◆ DATA FOR ANALYSIS
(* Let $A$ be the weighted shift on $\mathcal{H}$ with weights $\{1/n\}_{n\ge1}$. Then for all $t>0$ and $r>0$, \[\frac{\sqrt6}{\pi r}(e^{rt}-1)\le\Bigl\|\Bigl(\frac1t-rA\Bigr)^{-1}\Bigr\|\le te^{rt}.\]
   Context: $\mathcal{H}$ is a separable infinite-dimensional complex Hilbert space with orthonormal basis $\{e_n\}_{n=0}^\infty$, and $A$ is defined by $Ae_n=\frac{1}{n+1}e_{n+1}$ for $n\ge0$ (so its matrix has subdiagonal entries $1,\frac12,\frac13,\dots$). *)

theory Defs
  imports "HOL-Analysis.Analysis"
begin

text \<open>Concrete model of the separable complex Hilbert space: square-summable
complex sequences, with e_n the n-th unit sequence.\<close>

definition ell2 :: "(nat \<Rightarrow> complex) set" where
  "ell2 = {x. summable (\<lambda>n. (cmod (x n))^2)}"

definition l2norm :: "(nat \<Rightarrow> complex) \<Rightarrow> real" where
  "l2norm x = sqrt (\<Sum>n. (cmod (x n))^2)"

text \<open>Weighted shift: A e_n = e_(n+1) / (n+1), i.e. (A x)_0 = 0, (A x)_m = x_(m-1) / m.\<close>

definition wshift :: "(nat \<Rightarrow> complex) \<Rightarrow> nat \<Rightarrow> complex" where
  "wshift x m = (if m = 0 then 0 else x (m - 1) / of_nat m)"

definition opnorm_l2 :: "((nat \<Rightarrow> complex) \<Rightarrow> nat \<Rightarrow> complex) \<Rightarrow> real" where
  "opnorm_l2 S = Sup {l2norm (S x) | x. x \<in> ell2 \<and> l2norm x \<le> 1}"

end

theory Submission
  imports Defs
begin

* * *

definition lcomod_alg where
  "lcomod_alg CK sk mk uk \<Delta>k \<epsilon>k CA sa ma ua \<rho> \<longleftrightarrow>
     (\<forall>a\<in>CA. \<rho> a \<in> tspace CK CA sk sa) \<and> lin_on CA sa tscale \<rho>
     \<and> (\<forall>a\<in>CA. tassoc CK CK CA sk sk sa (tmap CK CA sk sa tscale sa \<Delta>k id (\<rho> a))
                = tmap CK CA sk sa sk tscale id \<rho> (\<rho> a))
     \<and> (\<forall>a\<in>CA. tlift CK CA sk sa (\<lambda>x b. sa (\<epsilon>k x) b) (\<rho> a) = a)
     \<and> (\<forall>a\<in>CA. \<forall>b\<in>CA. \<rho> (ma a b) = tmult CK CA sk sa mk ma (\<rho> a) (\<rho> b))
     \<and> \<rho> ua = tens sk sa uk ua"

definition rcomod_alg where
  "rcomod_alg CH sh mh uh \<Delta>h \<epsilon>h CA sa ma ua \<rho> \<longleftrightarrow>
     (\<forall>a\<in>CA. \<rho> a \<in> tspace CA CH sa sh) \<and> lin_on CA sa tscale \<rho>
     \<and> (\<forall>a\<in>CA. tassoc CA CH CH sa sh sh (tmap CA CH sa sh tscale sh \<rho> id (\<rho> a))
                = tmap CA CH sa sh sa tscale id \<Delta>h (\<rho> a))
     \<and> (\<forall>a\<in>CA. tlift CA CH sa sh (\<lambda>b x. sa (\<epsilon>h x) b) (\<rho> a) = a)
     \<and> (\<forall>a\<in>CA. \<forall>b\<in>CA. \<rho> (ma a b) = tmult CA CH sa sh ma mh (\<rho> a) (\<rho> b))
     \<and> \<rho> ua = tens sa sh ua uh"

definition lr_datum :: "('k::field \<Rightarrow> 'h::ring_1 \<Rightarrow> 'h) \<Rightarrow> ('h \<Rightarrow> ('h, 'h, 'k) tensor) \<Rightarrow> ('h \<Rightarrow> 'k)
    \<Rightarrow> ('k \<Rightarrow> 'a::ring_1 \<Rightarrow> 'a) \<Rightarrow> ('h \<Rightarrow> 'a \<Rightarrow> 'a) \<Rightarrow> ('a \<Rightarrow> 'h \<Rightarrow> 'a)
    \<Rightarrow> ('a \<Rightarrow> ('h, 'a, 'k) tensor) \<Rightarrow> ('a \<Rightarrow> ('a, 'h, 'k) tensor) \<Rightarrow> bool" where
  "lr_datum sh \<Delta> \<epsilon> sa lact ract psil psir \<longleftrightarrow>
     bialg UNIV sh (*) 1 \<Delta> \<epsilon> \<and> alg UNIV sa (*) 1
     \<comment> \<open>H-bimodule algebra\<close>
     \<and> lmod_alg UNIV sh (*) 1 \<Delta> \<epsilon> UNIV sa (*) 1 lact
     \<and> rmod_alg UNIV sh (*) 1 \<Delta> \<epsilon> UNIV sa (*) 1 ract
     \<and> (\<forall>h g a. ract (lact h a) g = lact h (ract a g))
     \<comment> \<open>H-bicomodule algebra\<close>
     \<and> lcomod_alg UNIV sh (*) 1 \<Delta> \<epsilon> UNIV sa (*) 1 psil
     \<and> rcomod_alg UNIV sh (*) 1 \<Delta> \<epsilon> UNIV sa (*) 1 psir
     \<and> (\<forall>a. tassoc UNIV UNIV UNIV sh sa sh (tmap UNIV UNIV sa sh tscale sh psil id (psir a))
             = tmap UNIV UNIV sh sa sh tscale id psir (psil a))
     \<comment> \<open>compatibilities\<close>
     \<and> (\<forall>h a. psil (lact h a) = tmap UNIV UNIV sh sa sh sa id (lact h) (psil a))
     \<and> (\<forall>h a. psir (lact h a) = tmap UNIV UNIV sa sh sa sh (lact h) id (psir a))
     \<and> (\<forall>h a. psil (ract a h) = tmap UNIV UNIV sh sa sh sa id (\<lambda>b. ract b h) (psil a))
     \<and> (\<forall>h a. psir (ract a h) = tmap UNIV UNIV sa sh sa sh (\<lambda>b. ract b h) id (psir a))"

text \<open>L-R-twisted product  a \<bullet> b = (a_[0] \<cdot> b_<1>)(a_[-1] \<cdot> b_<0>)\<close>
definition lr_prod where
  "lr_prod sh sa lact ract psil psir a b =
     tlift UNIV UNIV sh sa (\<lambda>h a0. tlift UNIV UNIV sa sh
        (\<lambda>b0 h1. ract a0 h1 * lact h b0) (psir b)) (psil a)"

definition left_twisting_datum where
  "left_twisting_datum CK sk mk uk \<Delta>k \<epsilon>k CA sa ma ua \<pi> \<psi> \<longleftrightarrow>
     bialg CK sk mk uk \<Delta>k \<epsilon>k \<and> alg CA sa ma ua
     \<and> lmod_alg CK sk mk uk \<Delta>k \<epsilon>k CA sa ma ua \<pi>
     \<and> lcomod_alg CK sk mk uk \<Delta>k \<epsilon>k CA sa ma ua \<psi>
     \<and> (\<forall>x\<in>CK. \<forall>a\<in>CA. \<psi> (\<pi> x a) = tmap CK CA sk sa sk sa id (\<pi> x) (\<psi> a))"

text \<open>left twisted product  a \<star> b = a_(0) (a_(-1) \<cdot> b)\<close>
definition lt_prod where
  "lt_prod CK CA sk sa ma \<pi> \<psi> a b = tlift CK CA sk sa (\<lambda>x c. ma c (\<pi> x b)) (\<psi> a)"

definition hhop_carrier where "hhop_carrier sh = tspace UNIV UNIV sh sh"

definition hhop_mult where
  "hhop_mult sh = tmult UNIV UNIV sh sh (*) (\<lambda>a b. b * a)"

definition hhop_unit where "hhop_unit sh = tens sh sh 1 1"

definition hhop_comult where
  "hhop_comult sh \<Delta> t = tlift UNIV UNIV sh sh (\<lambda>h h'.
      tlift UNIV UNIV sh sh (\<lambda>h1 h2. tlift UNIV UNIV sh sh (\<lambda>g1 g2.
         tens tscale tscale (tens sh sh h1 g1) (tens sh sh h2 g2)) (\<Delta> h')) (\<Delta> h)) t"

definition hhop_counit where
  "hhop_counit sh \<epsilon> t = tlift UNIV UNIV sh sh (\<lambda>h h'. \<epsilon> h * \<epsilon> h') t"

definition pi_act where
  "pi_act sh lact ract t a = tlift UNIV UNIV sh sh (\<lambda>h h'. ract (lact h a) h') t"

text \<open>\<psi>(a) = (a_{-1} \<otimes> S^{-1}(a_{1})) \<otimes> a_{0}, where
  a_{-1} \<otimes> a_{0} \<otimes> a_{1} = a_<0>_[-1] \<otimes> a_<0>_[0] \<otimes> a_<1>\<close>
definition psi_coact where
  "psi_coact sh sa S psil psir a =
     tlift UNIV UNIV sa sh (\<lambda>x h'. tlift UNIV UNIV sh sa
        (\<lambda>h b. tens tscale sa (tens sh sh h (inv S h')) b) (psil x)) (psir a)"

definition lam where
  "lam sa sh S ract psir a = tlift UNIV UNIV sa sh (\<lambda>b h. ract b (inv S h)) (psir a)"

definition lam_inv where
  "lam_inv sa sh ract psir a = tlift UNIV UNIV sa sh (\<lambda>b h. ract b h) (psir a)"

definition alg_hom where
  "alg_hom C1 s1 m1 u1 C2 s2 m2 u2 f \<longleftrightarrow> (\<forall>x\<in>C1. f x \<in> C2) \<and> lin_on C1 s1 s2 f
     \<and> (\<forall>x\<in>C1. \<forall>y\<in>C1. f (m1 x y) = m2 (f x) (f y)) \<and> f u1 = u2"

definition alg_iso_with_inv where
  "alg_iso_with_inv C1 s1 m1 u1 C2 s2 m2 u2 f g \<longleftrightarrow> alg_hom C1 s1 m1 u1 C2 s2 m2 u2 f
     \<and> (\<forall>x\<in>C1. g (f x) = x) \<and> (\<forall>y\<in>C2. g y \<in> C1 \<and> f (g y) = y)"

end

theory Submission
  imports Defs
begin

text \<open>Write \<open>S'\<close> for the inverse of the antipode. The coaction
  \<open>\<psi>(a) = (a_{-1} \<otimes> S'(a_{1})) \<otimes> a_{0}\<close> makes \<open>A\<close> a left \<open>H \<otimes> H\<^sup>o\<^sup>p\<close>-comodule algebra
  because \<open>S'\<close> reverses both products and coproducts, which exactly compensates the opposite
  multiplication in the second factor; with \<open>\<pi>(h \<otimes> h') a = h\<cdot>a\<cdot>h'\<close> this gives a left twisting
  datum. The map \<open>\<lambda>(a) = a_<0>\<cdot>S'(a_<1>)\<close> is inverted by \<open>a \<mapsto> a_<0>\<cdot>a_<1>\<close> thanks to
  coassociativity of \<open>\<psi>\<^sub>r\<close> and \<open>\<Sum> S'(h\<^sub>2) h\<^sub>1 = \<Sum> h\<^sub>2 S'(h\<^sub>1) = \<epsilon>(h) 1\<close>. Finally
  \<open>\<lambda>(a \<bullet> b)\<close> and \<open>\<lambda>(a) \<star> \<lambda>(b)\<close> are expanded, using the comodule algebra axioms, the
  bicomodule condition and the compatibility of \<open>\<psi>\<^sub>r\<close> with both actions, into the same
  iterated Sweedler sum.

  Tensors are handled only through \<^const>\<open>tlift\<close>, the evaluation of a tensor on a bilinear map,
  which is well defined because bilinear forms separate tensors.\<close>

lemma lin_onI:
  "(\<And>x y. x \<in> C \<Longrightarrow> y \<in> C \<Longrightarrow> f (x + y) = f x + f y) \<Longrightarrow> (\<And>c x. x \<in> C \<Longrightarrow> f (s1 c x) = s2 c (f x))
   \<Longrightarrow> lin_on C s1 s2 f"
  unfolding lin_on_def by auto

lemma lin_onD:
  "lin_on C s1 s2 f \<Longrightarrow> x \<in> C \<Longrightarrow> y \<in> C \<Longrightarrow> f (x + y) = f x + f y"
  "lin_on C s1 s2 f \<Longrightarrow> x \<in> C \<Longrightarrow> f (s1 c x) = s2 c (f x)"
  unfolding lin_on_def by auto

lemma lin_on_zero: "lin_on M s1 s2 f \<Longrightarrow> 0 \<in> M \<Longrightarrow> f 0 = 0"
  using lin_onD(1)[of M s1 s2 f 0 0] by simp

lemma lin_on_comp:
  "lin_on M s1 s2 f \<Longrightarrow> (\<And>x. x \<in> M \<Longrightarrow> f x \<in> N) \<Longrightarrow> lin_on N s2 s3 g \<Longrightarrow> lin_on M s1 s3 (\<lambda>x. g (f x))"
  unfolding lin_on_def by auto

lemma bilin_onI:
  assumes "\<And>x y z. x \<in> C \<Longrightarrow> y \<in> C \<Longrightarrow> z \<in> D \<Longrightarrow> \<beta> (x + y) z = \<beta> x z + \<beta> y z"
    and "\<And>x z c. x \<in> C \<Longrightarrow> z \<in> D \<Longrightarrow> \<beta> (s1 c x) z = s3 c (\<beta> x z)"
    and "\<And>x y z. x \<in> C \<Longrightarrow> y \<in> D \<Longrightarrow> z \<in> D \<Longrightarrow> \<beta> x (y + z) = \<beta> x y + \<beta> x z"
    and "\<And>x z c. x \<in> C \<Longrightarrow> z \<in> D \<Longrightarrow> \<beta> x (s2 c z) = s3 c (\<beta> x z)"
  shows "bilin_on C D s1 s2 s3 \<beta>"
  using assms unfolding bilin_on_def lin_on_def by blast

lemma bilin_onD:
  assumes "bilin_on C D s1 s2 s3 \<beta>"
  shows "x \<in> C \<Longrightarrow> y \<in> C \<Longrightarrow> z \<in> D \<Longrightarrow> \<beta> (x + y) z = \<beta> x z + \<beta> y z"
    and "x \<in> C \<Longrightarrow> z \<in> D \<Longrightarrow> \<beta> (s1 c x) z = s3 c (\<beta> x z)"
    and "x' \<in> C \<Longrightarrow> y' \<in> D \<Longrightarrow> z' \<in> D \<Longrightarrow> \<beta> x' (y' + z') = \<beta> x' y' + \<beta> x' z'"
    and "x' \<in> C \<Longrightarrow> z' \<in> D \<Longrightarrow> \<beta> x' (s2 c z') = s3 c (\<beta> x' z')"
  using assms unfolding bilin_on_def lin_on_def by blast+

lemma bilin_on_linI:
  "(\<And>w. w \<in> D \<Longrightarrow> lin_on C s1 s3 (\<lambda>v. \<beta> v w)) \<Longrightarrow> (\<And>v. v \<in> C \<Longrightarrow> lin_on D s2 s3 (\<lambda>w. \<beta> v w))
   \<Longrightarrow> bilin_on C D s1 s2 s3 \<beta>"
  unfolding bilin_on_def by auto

...

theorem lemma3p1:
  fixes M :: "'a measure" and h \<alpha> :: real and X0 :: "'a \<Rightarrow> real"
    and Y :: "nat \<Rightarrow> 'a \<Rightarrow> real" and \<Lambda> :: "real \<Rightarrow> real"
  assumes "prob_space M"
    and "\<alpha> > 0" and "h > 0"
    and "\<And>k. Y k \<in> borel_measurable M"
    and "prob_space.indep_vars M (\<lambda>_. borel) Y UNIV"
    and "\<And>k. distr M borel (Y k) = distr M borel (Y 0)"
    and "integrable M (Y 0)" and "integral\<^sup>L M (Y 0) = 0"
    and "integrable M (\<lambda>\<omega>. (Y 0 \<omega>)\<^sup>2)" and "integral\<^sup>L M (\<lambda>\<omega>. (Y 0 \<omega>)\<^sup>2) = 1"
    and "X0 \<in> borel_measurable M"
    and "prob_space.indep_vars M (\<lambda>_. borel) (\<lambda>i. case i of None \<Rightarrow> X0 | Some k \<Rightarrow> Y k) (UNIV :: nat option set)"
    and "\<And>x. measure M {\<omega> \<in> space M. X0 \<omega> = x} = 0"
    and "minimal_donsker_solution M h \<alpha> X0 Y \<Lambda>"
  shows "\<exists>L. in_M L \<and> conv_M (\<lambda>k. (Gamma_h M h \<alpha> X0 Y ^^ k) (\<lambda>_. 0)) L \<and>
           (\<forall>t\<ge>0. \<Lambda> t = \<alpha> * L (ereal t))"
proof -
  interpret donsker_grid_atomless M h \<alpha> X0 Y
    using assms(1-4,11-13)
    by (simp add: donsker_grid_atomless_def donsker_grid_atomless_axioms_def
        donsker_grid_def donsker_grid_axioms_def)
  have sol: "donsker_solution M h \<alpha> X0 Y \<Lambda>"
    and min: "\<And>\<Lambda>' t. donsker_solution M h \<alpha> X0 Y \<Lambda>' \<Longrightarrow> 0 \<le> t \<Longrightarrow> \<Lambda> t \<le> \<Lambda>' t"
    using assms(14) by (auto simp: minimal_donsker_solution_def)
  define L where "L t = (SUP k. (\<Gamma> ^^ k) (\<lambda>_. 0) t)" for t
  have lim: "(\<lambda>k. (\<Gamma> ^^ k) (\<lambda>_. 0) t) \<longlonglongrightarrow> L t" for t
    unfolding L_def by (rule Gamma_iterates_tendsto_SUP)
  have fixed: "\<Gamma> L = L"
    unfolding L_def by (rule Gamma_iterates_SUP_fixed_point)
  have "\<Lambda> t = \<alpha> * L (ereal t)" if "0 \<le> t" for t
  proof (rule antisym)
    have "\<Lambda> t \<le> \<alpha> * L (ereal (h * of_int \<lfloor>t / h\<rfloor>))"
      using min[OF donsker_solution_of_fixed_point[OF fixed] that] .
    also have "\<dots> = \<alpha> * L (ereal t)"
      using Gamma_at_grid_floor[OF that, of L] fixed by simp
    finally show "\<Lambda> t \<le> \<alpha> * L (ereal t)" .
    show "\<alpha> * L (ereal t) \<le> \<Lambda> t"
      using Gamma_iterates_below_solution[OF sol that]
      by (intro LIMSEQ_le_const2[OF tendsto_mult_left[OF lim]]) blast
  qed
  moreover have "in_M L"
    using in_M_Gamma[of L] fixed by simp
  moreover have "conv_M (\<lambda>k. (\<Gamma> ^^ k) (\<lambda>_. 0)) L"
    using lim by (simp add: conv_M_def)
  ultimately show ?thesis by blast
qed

◆ WORK ITEM
Only the lines holding "bullet" are wanted, so copy each of them from the material.

◆ EXERCISE RESPONSE
text \<open>L-R-twisted product  a \<bullet> b = (a_[0] \<cdot> b_<1>)(a_[-1] \<cdot> b_<0>)\<close>
  \<open>\<lambda>(a \<bullet> b)\<close> and \<open>\<lambda>(a) \<star> \<lambda>(b)\<close> are expanded, using the comodule algebra axioms, the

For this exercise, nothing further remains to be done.